Morire per un’invenzione – di Michela Becchis
Una torre medievale, certamente maestosa e bellissima al suo tempo e fino al Quattrocento. Poi, i terremoti ne dimezzano l’altezza. E poi, molto dopo, arriva il Fascismo, la distruzione di una parte importante dell’urbanistica della città per aprire l’orrida Via dell’Impero. 

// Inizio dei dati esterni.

definition diag_left :: "(nat \<Rightarrow> complex) \<Rightarrow> (nat \<Rightarrow> complex) \<Rightarrow> (nat \<Rightarrow> complex) \<Rightarrow> mat" where
  "diag_left a b c = (let L = a 0 * c 0 + a 1 * c 1 in
     (\<lambda>l j. [[0, a 0, a 1], [0, b 2, - b 1],
             [L * (b 2 * c 0 - b 1 * c 1), c 1 * (L * b 0 - 1) + L * b 2 * c 2,
              - c 0 * (L * b 0 - 1) - L * b 1 * c 2]] ! l ! j))"

definition diag_right :: "(nat \<Rightarrow> complex) \<Rightarrow> (nat \<Rightarrow> complex) \<Rightarrow> (nat \<Rightarrow> complex) \<Rightarrow> mat" where
  "diag_right a b c = (let L = a 0 * b 1 + a 1 * b 2 in
     (\<lambda>l k. [[a 0, a 1, 0],
             [b 2 * (L * c 2 - 1) + L * b 0 * c 1, - b 1 * (L * c 2 - 1) - L * b 0 * c 0,
              L * (b 1 * c 1 - b 2 * c 0)], [c 1, - c 0, 0]] ! l ! k))"

lemma diag_left_right_off_diagonal:
  "\<forall>i<2. \<forall>l<3. \<forall>m<3. l \<noteq> m \<longrightarrow>
    (\<Sum>j<3. \<Sum>k<3. diag_left a b c l j * T13_minus 1 a b c i j k * diag_right a b c m k) = 0"
  unfolding diag_left_def diag_right_def Let_def all_less_2 all_less_3 sum_lessThan_3
    T13_minus_def T13_def outer_def ebasis_def
  by (simp; algebra)

lemma det3_diag_left:
  "det3 (diag_left a b c) = - (a 0 * c 0 + a 1 * c 1) * (b 2 * c 0 - b 1 * c 1) * (a 0 * b 1 + a 1 * b 2)"
  unfolding diag_left_def Let_def det3_def by (simp; algebra)

lemma det3_diag_right:
  "det3 (diag_right a b c) = - (a 0 * b 1 + a 1 * b 2) * (b 2 * c 0 - b 1 * c 1) * (a 0 * c 0 + a 1 * c 1)"
  unfolding diag_right_def Let_def det3_def by (simp; algebra)

lemma tensor_rank_T13_minus_le3_generic:
  assumes "a 0 * b 1 + a 1 * b 2 \<noteq> 0" "a 0 * c 0 + a 1 * c 1 \<noteq> 0" "b 2 * c 0 - b 1 * c 1 \<noteq> 0"
  shows "tensor_rank (T13_minus 1 a b c) \<le> 3"
proof -
  have "\<exists>\<alpha> x y. rank3_decomp (T13_minus 1 a b c) \<alpha> x y"
  proof (rule rank3_decomp_of_simultaneous_diagonalization)
    show "\<forall>i<2. \<forall>l<3. \<forall>m<3. l \<noteq> m \<longrightarrow>
      (\<Sum>j<3. \<Sum>k<3. diag_left a b c l j * T13_minus 1 a b c i j k * diag_right a b c m k) = 0"
      by (rule diag_left_right_off_diagonal)
    show "det3 (diag_left a b c) \<noteq> 0" "det3 (diag_right a b c) \<noteq> 0"
      unfolding det3_diag_left det3_diag_right using assms by (metis mult_eq_0_iff neg_equal_0_iff_equal)+
  qed
  then show ?thesis using tensor_rank_T13_minus_le3 by blast
qed

subsection \<open>The forbidden locus\<close>

lemma forbidden_T13_iff:
  "forbidden T13 (outer a b c) \<longleftrightarrow> (\<forall>t. t \<noteq> 0 \<longrightarrow> \<not> tensor_rank (T13_minus t a b c) \<le> 3)"
proof -
  have "4 \<le> tensor_rank M \<longleftrightarrow> \<not> tensor_rank M \<le> 3" for M
    by auto
  then have "forbidden T13 (outer a b c) \<longleftrightarrow> (\<forall>t. \<not> tensor_rank (T13_minus t a b c) \<le> 3)"
    unfolding forbidden_def tensor_rank_T13 T13_minus_def[symmetric] by simp
  moreover have "\<not> tensor_rank (T13_minus t a b c) \<le> 3" if "t = 0" for t
    using that tensor_rank_T13 by (simp add: T13_minus_def)
  ultimately show ?thesis
    by blast
qed

lemma forbidden_T13_if_b12_eq_0:
  assumes b: "b 1 = 0" "b 2 = 0" "b 0 \<noteq> 0"
  shows "forbidden T13 (outer a b c) \<longleftrightarrow> phi a b c = 0"
proof
  assume forbidden: "forbidden T13 (outer a b c)"
  show "phi a b c = 0"
  proof (rule ccontr)
    assume "phi a b c \<noteq> 0"
    then have "tensor_rank (T13_minus (inverse (phi a b c)) a b c) \<le> 3"
      by (intro tensor_rank_T13_minus_le3_if_b12_eq_0 b) simp
    with forbidden \<open>phi a b c \<noteq> 0\<close> show False
      unfolding forbidden_T13_iff by simp
  qed
next
  assume "phi a b c = 0"
  moreover have "phi a b c = b 0 * (a 0 * c 0 + a 1 * c 1)"
    using b unfolding phi_def by (simp add: algebra_simps)
  ultimately have "a 0 * c 0 + a 1 * c 1 = 0"
    using b by simp
  then show "forbidden T13 (outer a b c)"
    unfolding forbidden_T13_iff using tensor_rank_T13_minus_gt3_if_b12_eq_0 b by blast
qed

lemma forbidden_T13_if_c01_eq_0:
  assumes c: "c 0 = 0" "c 1 = 0" "c 2 \<noteq> 0"
  shows "forbidden T13 (outer a b c) \<longleftrightarrow> phi a b c = 0"
proof
  assume forbidden: "forbidden T13 (outer a b c)"
  show "phi a b c = 0"
  proof (rule ccontr)
    assume "phi a b c \<noteq> 0"
    then have "tensor_rank (T13_minus (inverse (phi a b c)) a b c) \<le> 3"
      by (intro tensor_rank_T13_minus_le3_if_c01_eq_0 c) simp
    with forbidden \<open>phi a b c \<noteq> 0\<close> show False
      unfolding forbidden_T13_iff by simp
  qed
next
  assume "phi a b c = 0"
  moreover have "phi a b c = c 2 * (a 0 * b 1 + a 1 * b 2)"
    using c unfolding phi_def by (simp add: algebra_simps)
  ultimately have "a 0 * b 1 + a 1 * b 2 = 0"
    using c by simp
  then show "forbidden T13 (outer a b c)"
    unfolding forbidden_T13_iff using tensor_rank_T13_minus_gt3_if_c01_eq_0 c by blast
qed

lemma forbidden_T13_generic:
  assumes a: "a 0 \<noteq> 0 \<or> a 1 \<noteq> 0" and b: "b 1 \<noteq> 0 \<or> b 2 \<noteq> 0" and c: "c 0 \<noteq> 0 \<or> c 1 \<noteq> 0"
  shows "forbidden T13 (outer a b c) \<longleftrightarrow>
    a 0 * c 0 + a 1 * c 1 = 0 \<or> a 0 * b 1 + a 1 * b 2 = 0 \<or> (b 2 * c 0 - b 1 * c 1 = 0 \<and> phi a b c = 0)"
proof
  assume forbidden: "forbidden T13 (outer a b c)"
  show "a 0 * c 0 + a 1 * c 1 = 0 \<or> a 0 * b 1 + a 1 * b 2 = 0 \<or> (b 2 * c 0 - b 1 * c 1 = 0 \<and> phi a b c = 0)"
  proof (rule ccontr)
    assume "\<not> ?thesis"
    then have Lc: "a 0 * c 0 + a 1 * c 1 \<noteq> 0" and Lb: "a 0 * b 1 + a 1 * b 2 \<noteq> 0"
      and bc_phi: "b 2 * c 0 - b 1 * c 1 \<noteq> 0 \<or> phi a b c \<noteq> 0"
      by auto
    obtain t where "t \<noteq> 0" "tensor_rank (T13_minus t a b c) \<le> 3"
    proof (cases "b 2 * c 0 - b 1 * c 1 = 0")
      case True
      then have "phi a b c \<noteq> 0"
        using bc_phi by simp
      moreover have "tensor_rank (T13_minus (inverse (phi a b c)) a b c) \<le> 3"
        using True Lb \<open>phi a b c \<noteq> 0\<close>
        by (intro tensor_rank_T13_minus_le3_if_bc_eq_0[where d = "inverse (a 0 * b 1 + a 1 * b 2)"]) simp_all
      ultimately show ?thesis
        by (intro that[of "inverse (phi a b c)"]) simp_all
    next
      case False
      then show ?thesis
        using that[of 1] tensor_rank_T13_minus_le3_generic Lb Lc by simp
    qed
    with forbidden show False
      unfolding forbidden_T13_iff by blast
  qed
next
  assume "a 0 * c 0 + a 1 * c 1 = 0 \<or> a 0 * b 1 + a 1 * b 2 = 0 \<or> (b 2 * c 0 - b 1 * c 1 = 0 \<and> phi a b c = 0)"
  then show "forbidden T13 (outer a b c)"
    unfolding forbidden_T13_iff
    using tensor_rank_T13_minus_gt3_if_linear[OF a b c] tensor_rank_T13_minus_gt3_if_phi_eq_0[OF a b c]
    by blast
qed

theorem mainTheorem8:
  fixes a b c :: "nat \<Rightarrow> complex"
  assumes "a 0 \<noteq> 0 \<or> a 1 \<noteq> 0"
      and "b 0 \<noteq> 0 \<or> b 1 \<noteq> 0 \<or> b 2 \<noteq> 0"
      and "c 0 \<noteq> 0 \<or> c 1 \<noteq> 0 \<or> c 2 \<noteq> 0"
  shows "forbidden T13 (outer a b c) \<longleftrightarrow>
    ((a 0 * c 0 + a 1 * c 1 = 0 \<or> a 0 * b 1 + a 1 * b 2 = 0)
       \<and> \<not> (b 1 = 0 \<and> b 2 = 0) \<and> \<not> (c 0 = 0 \<and> c 1 = 0))
    \<or> ((b 2 * c 0 - b 1 * c 1 = 0 \<or> a 0 * c 0 + a 1 * c 1 = 0 \<or> a 0 * b 1 + a 1 * b 2 = 0)
       \<and> phi a b c = 0)"
proof (cases "b 1 = 0 \<and> b 2 = 0")
  case True
  then show ?thesis using forbidden_T13_if_b12_eq_0[of b a c] assms(2) by auto
next
  case b: False
  show ?thesis
  proof (cases "c 0 = 0 \<and> c 1 = 0")
    case True
    then show ?thesis using forbidden_T13_if_c01_eq_0[of c a b] assms(3) by auto
  next
    case False
    then show ?thesis using forbidden_T13_generic[OF assms(1)] b by auto
  qed
qed

end
definition convex_subgroup :: "'g::linordered_ab_group_add set \<Rightarrow> 'g set \<Rightarrow> bool" where
  "convex_subgroup \<Delta> \<Gamma> = (add_subgroup \<Delta> \<and> \<Delta> \<subseteq> \<Gamma> \<and>
     (\<forall>\<delta> \<in> \<Delta>. \<forall>\<gamma> \<in> \<Gamma>. 0 \<le> \<gamma> \<and> \<gamma> \<le> \<delta> \<longrightarrow> \<gamma> \<in> \<Delta>))"

text \<open>Center of nu_1 (nu_1(a) = nu(a) + Delta) on a ring A:
  C_{nu_1}(A) = {a. nu(a) > delta for all delta in Delta}.\<close>
definition center1 :: "('a, 'b) ring_scheme \<Rightarrow> ('a \<Rightarrow> 'g::linordered_ab_group_add option) \<Rightarrow> 'g set \<Rightarrow> 'a set" where
  "center1 R \<nu> \<Delta> = {a \<in> carrier R. \<forall>\<delta> \<in> \<Delta>. vless (Some \<delta>) (\<nu> a)}"

definition loc_rel :: "('a, 'b) ring_scheme \<Rightarrow> 'a set \<Rightarrow> (('a \<times> 'a) \<times> ('a \<times> 'a)) set" where
  "loc_rel A S = {((a, s), (a', s')). a \<in> carrier A \<and> s \<in> S \<and> a' \<in> carrier A \<and> s' \<in> S \<and>
      (\<exists>u \<in> S. u \<otimes>\<^bsub>A\<^esub> ((a \<otimes>\<^bsub>A\<^esub> s') \<oplus>\<^bsub>A\<^esub> (\<ominus>\<^bsub>A\<^esub> (a' \<otimes>\<^bsub>A\<^esub> s))) = \<zero>\<^bsub>A\<^esub>)}"

definition frac :: "('a, 'b) ring_scheme \<Rightarrow> 'a set \<Rightarrow> 'a \<Rightarrow> 'a \<Rightarrow> ('a \<times> 'a) set" where
  "frac A S a s = loc_rel A S `` {(a, s)}"

definition loc_rep :: "('a \<times> 'a) set \<Rightarrow> 'a \<times> 'a" where
  "loc_rep U = (SOME p. p \<in> U)"

definition localization :: "('a, 'b) ring_scheme \<Rightarrow> 'a set \<Rightarrow> ('a \<times> 'a) set ring" where
  "localization A S =
    \<lparr>carrier = (carrier A \<times> S) // loc_rel A S,
     monoid.mult = (\<lambda>U V. frac A S (fst (loc_rep U) \<otimes>\<^bsub>A\<^esub> fst (loc_rep V))
                               (snd (loc_rep U) \<otimes>\<^bsub>A\<^esub> snd (loc_rep V))),
     monoid.one = frac A S \<one>\<^bsub>A\<^esub> \<one>\<^bsub>A\<^esub>,
     ring.zero = frac A S \<zero>\<^bsub>A\<^esub> \<one>\<^bsub>A\<^esub>,
     ring.add = (\<lambda>U V. frac A S ((fst (loc_rep U) \<otimes>\<^bsub>A\<^esub> snd (loc_rep V)) \<oplus>\<^bsub>A\<^esub>
                                 (fst (loc_rep V) \<otimes>\<^bsub>A\<^esub> snd (loc_rep U)))
                               (snd (loc_rep U) \<otimes>\<^bsub>A\<^esub> snd (loc_rep V)))\<rparr>"

definition loc_val :: "('a \<Rightarrow> 'g::linordered_ab_group_add option) \<Rightarrow> ('a \<times> 'a) set \<Rightarrow> 'g option" where
  "loc_val \<nu> U = vsub (\<nu> (fst (loc_rep U))) (\<nu> (snd (loc_rep U)))"

definition powers :: "('a, 'b) ring_scheme \<Rightarrow> 'a \<Rightarrow> 'a set" where
  "powers A b = {b [^]\<^bsub>A\<^esub> (n::nat) | n. True}"

text \<open>R' = (R/J(b))[a_1/b, ..., a_r/b], realised as the subring of R_b generated by
  the image of R (which is R/J(b)) and the fractions a_i/b.\<close>
definition blowup_aff :: "('a, 'b) ring_scheme \<Rightarrow> 'a \<Rightarrow> 'a set \<Rightarrow> ('a \<times> 'a) set ring" where
  "blowup_aff A b as =
    (localization A (powers A b))
      \<lparr>carrier := generate_ring (localization A (powers A b))
         ((\<lambda>a. frac A (powers A b) a \<one>\<^bsub>A\<^esub>) ` carrier A \<union> (\<lambda>a. frac A (powers A b) a b) ` as)\<rparr>"

definition blowup :: "('a, 'b) ring_scheme \<Rightarrow> ('a \<Rightarrow> 'g::linordered_ab_group_add option) \<Rightarrow> 'a \<Rightarrow> 'a set
    \<Rightarrow> (('a \<times> 'a) set \<times> ('a \<times> 'a) set) set ring" where
  "blowup A \<nu> b as = localization (blowup_aff A b as)
      (carrier (blowup_aff A b as) - center (blowup_aff A b as) (loc_val \<nu>))"
(* Let $F\subseteq\mathcal{O}_{C,O}(\tau)$ be the face given by $x_b=0$ for some $b\in C\setminus\{\hat{0}\}$, where $P_\tau=C\sqcup O$ is a $k$-decomposition. If $b\in Y^i$, then $F$ is affinely isomorphic to $\mathcal{O}_{\tilde{C},O}(\tilde{\tau})$, where \[ \tilde{\tau}=(\tau_1,\dots,\tau_{i-1},\tau_i-1,\tau_{i+1},\dots,\tau_\ell) \] and $\tilde{C}=C\setminus\{b\}$. If $\tau_i-1=0$, this zero entry is omitted from $\tilde{\tau}$ (i.e. the rank level disappears).
   Context: For $\tau=(\tau_1,\dots,\tau_\ell)\in\mathbb{Z}_{>0}^\ell$, $P_\tau$ is the maximal ranked poset having $\tau_i$ elements in rank $i$, where any two elements of distinct ranks are comparable; it is extended by a minimum $\hat{0}$ and a maximum $\hat{1}$. Let $Y^i$ denote the set of elements of rank $i$, with $Y^0=\{\hat{0}\}$ and $Y^{\ell+1}=\{\hat{1}\}$. For $0\le k\le\ell$, the $k$-decomposition is $P_\tau=C\sqcup O$ with $C=\bigcup_{i=0}^k Y^i$ and $O=\bigcup_{i=k+1}^{\ell+1}Y^i$. The chain-order polytope $\mathcal{O}_{C,O}(\tau)$ is defined by: $x_{\hat{0}}=0$, $x_{\hat{1}}=1$; $0\le x_p$ for each $p\in C$; $x_a\le x_b$ for each covering relation $a\prec b$ with $a,b\in O$; and $x_{p_1}+\dots+x_{p_k}\le x_{q}$ for any choice of $p_j\in Y^j$ ($1\le j\le k$) and $q\in Y^{k+1}$. Two polytopes are identified up to affine isomorphism. *)

theory Defs
  imports Complex_Main
begin

text \<open>The element number j (0 <= j < tau_i) of rank i (1 <= i <= l) is encoded as the pair (i, j).
  The minimum 0hat and maximum 1hat carry the fixed coordinates 0 and 1 and are not
  coordinates of the ambient space; they are built into the constraints below.\<close>

definition elems :: "nat list \<Rightarrow> (nat \<times> nat) set" where
  "elems \<tau> = {(i, j). 1 \<le> i \<and> i \<le> length \<tau> \<and> j < \<tau> ! (i - 1)}"

text \<open>Chain-order polytope of the k-decomposition C = Y^0 u ... u Y^k, O = Y^(k+1) u ... u Y^(l+1).
  Points are real functions on pairs, vanishing outside elems tau (i.e. points of R^(P_tau)).
  Covering relations of P_tau are exactly the pairs of elements in consecutive ranks.\<close>

definition chain_order_polytope :: "nat list \<Rightarrow> nat \<Rightarrow> ((nat \<times> nat) \<Rightarrow> real) set" where
  "chain_order_polytope \<tau> k = {x.
     (\<forall>p. p \<notin> elems \<tau> \<longrightarrow> x p = 0) \<and>
     \<comment> \<open>0 <= x_p for p in C (trivial for 0hat)\<close>
     (\<forall>i j. 1 \<le> i \<and> i \<le> k \<and> j < \<tau> ! (i - 1) \<longrightarrow> 0 \<le> x (i, j)) \<and>
     \<comment> \<open>x_a <= x_b for coverings a < b inside O between ranks i, i+1 with i+1 <= l\<close>
     (\<forall>i j j'. k + 1 \<le> i \<and> i < length \<tau> \<and> j < \<tau> ! (i - 1) \<and> j' < \<tau> ! i
         \<longrightarrow> x (i, j) \<le> x (i + 1, j')) \<and>
     \<comment> \<open>x_a <= x_1hat = 1 for a of rank l in O\<close>
     (\<forall>j. k + 1 \<le> length \<tau> \<and> j < \<tau> ! (length \<tau> - 1) \<longrightarrow> x (length \<tau>, j) \<le> 1) \<and>
     \<comment> \<open>chain inequalities x_(p_1) + ... + x_(p_k) <= x_q, q in Y^(k+1)\<close>
     (\<forall>p :: nat \<Rightarrow> nat. (\<forall>r \<in> {1..k}. p r < \<tau> ! (r - 1)) \<longrightarrow>
        (if k < length \<tau>
         then (\<forall>q < \<tau> ! k. (\<Sum>r = 1..k. x (r, p r)) \<le> x (k + 1, q))
         else (\<Sum>r = 1..k. x (r, p r)) \<le> 1))}"

text \<open>Affine isomorphism of point sets P in R^E and Q in R^E' (E, E' finite coordinate sets,
  points represented as functions vanishing outside the coordinate set): there is an affine map
  R^E -> R^E' restricting to a bijection from P onto Q.  (An affine map injective on a convex
  set is injective on its affine hull, so this is the usual notion for polytopes.)\<close>

definition aff_isomorphic ::
  "'a set \<Rightarrow> ('a \<Rightarrow> real) set \<Rightarrow> 'b set \<Rightarrow> ('b \<Rightarrow> real) set \<Rightarrow> bool" where
  "aff_isomorphic E P E' Q \<longleftrightarrow>
     (\<exists>(A :: 'b \<Rightarrow> 'a \<Rightarrow> real) (c :: 'b \<Rightarrow> real).
        let f = (\<lambda>x q. if q \<in> E' then c q + (\<Sum>p\<in>E. A q p * x p) else 0)
        in inj_on f P \<and> f ` P = Q)"

text \<open>tau-tilde: decrease tau_i by one, omitting the entry if it becomes 0;
  in the latter case C-tilde = C minus b is the (k-1)-decomposition.\<close>

definition tau_tilde :: "nat list \<Rightarrow> nat \<Rightarrow> nat list" where
  "tau_tilde \<tau> i = (if \<tau> ! (i - 1) = 1 then take (i - 1) \<tau> @ drop i \<tau>
                     else \<tau>[i - 1 := \<tau> ! (i - 1) - 1])"

definition k_tilde :: "nat list \<Rightarrow> nat \<Rightarrow> nat \<Rightarrow> nat" where
  "k_tilde \<tau> k i = (if \<tau> ! (i - 1) = 1 then k - 1 else k)"

end

theory Submission
  imports Defs
begin

(* On the face x_b = 0 the coordinate x_b carries no information, so deleting it and relabelling
   the remaining elements of P_tau maps the face bijectively onto the smaller polytope; the only
   work is to see that the constraints match.  Quantifying over all chains, the chain inequalities
   say that the sum over the ranks 1..k of the largest coordinate in each rank is at most every
   coordinate of rank k + 1 (or 1 if k = l).  If b shares its rank with other elements, these are
   nonnegative, so dropping the zero x_b leaves the maximum of that rank unchanged.  If b is alone
   in its rank, this rank contributes its maximum x_b = 0 to the sum and can be removed, shifting
   the higher ranks down and k to k - 1. *)

lemma elems_eq_Sigma: "elems \<tau> = (SIGMA r:{1..length \<tau>}. {..<\<tau> ! (r - 1)})"
  unfolding elems_def by auto

lemma finite_elems: "finite (elems \<tau>)"
  unfolding elems_eq_Sigma by auto

definition pullback :: "('b \<Rightarrow> 'a) \<Rightarrow> 'b set \<Rightarrow> ('a \<Rightarrow> real) \<Rightarrow> 'b \<Rightarrow> real" where
  "pullback \<sigma> E' x = (\<lambda>q. if q \<in> E' then x (\<sigma> q) else 0)"

lemma aff_isomorphic_pullback:
  assumes fin: "finite E" and \<sigma>: "bij_betw \<sigma> E' (E - {b})"
    and F_supp: "\<And>x. x \<in> F \<Longrightarrow> \<forall>p. p \<notin> E - {b} \<longrightarrow> x p = 0"
    and Q_supp: "\<And>y. y \<in> Q \<Longrightarrow> \<forall>q. q \<notin> E' \<longrightarrow> y q = 0"
    and F_iff_Q: "\<And>x. \<forall>p. p \<notin> E - {b} \<longrightarrow> x p = 0 \<Longrightarrow> x \<in> F \<longleftrightarrow> pullback \<sigma> E' x \<in> Q"
  shows "aff_isomorphic E F E' Q"
proof -
  define A where "A q p = (of_bool (p = \<sigma> q) :: real)" for q p
  have \<sigma>_into: "\<sigma> q \<in> E" if "q \<in> E'" for q
    using \<sigma> that by (auto dest: bij_betw_apply)
  have affine: "(\<lambda>x q. if q \<in> E' then 0 + (\<Sum>p\<in>E. A q p * x p) else 0) = pullback \<sigma> E'"
  proof (intro ext)
    fix x q
    have "E \<inter> {p. p = \<sigma> q} = {\<sigma> q}" if "q \<in> E'" using \<sigma>_into[OF that] by auto
    then show "(if q \<in> E' then 0 + (\<Sum>p\<in>E. A q p * x p) else 0) = pullback \<sigma> E' x q"
      using fin by (simp add: A_def pullback_def)
  qed
  have "inj_on (pullback \<sigma> E') F"
  proof (rule inj_onI, rule ext)
    fix x x' p assume x: "x \<in> F" and x': "x' \<in> F" and eq: "pullback \<sigma> E' x = pullback \<sigma> E' x'"
    show "x p = x' p"
    proof (cases "p \<in> E - {b}")
      case True
      then obtain q where "q \<in> E'" "p = \<sigma> q" using \<sigma> by (auto simp: bij_betw_def)
      then show ?thesis using fun_cong[OF eq, of q] by (simp add: pullback_def)
    qed (use F_supp[OF x] F_supp[OF x'] in auto)
  qed
  moreover have "pullback \<sigma> E' ` F = Q"
  proof (intro equalityI subsetI)
    fix y assume y: "y \<in> Q"
    define x where "x p = (if p \<in> E - {b} then y (inv_into E' \<sigma> p) else 0)" for p
    have "pullback \<sigma> E' x = y"
      using Q_supp[OF y] bij_betw_apply[OF \<sigma>] bij_betw_inv_into_left[OF \<sigma>]
      by (auto simp: pullback_def x_def)
    moreover have "x \<in> F" using F_iff_Q[of x] y \<open>pullback \<sigma> E' x = y\<close> by (simp add: x_def)
    ultimately show "y \<in> pullback \<sigma> E' ` F" by blast
  qed (use F_iff_Q F_supp in blast)
  ultimately show ?thesis
    unfolding aff_isomorphic_def Let_def by (intro exI[of _ A] exI[of _ "\<lambda>_. 0"]) (simp only: affine)
qed

lemma sum_le_for_all_choices_iff_sum_Max_le:
  fixes g :: "'i \<Rightarrow> 'a \<Rightarrow> 'b :: {ordered_comm_monoid_add, linorder}"
  assumes "finite I" and S: "\<And>r. r \<in> I \<Longrightarrow> finite (S r) \<and> S r \<noteq> {}"
  shows "(\<forall>p. (\<forall>r\<in>I. p r \<in> S r) \<longrightarrow> (\<Sum>r\<in>I. g r (p r)) \<le> c)
           \<longleftrightarrow> (\<Sum>r\<in>I. Max (g r ` S r)) \<le> c"
proof
  have "\<forall>r\<in>I. \<exists>s\<in>S r. g r s = Max (g r ` S r)"
    using S by (metis (no_types, lifting) Max_in empty_is_image finite_imageI imageE)
  then obtain p where "\<forall>r\<in>I. p r \<in> S r \<and> g r (p r) = Max (g r ` S r)" by metis
  then show "(\<Sum>r\<in>I. Max (g r ` S r)) \<le> c" if "\<forall>p. (\<forall>r\<in>I. p r \<in> S r) \<longrightarrow> (\<Sum>r\<in>I. g r (p r)) \<le> c"
    using that by (metis (no_types, lifting) sum.cong)
next
  assume "(\<Sum>r\<in>I. Max (g r ` S r)) \<le> c"
  moreover have "(\<Sum>r\<in>I. g r (p r)) \<le> (\<Sum>r\<in>I. Max (g r ` S r))" if "\<forall>r\<in>I. p r \<in> S r" for p
    using S that by (intro sum_mono) simp
  ultimately show "\<forall>p. (\<forall>r\<in>I. p r \<in> S r) \<longrightarrow> (\<Sum>r\<in>I. g r (p r)) \<le> c" by force
qed

definition level_values :: "nat list \<Rightarrow> (nat \<times> nat \<Rightarrow> real) \<Rightarrow> nat \<Rightarrow> real set" where
  "level_values \<tau> x r = x ` {p \<in> elems \<tau>. fst p = r}"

Nell’autunno 1934 il Governatorato capitolino inaugura i lavori di sistemazione esterna del manufatto medievale che si affaccia lungo via dell’Impero. Tutt’intorno una parte di città è stata abbattuta, gli abitanti dispersi come formiche; comincia la raffigurazione di una messinscena, fatta di monumenti antichi rinnovati e, con l’inaugurazione della Torre dei Conti, anche di un monumento medievale, così fortemente partecipe dell’estetica di quella parte di città da diventare nell’immaginario comune l’ultima vera memoria di quel che era stato cancellato per sempre. Ed era, in parte, un falso. Come falsa era la retorica fascista. Sempre. Ma poi quell’edificio era rientrato nell’uso quotidiano. 
A Roma tutto viene inghiottito alla buona. Fino a diventare uffici comunali, abbandonati nel 2006, già sgangherati, sudici, con la torre crepata e invasa dai capperi. Manutenzione? No di certo. Può essere messa a reddito come il Parco (giochi) Archeologico del Colosseo? No. E allora si abbandona, tanto così sembra ancor di più Medioevo. 
Ma arrivano i magnifici e progressivi fondi PNNR, bisogna spenderli e si immagina un’altra trasformazione, sciatta, volgare e falsa come quella degli anni Trenta: i Fori con la mega fermata “Colosseo” della Linea C (e trema la terra lì sotto, trema) e poi quella di “Piazza Venezia”, un museo ma anche un po’ centro commerciale, che alle cittadine e ai cittadini non servono, perché lì di abitanti non ce ne sono più (e trema la terra lì sotto, trema). Il Sindaco col caschetto non fa che dire che quella parte di Roma ri-sorgerà “più bella e superba che pria!”, bisogna pazientare. Come pazienta chi a 66 anni anziché andare in pensione viene messo a lavorare per fare finti musei, hub, aula studio, coworking…insomma tutte le parole da immobiliarista per nascondere una città luna park non più pensata per chi, a fatica, ci vive. 
Tutti a spingersi davanti alle lampade che illuminavano il crollo e la vita di un lavoratore che finiva lì sotto. E nessuno, al MIC, in Soprintendenza, in Prefettura, in Comune dirà “Basta, basta, fermate questa giostra”.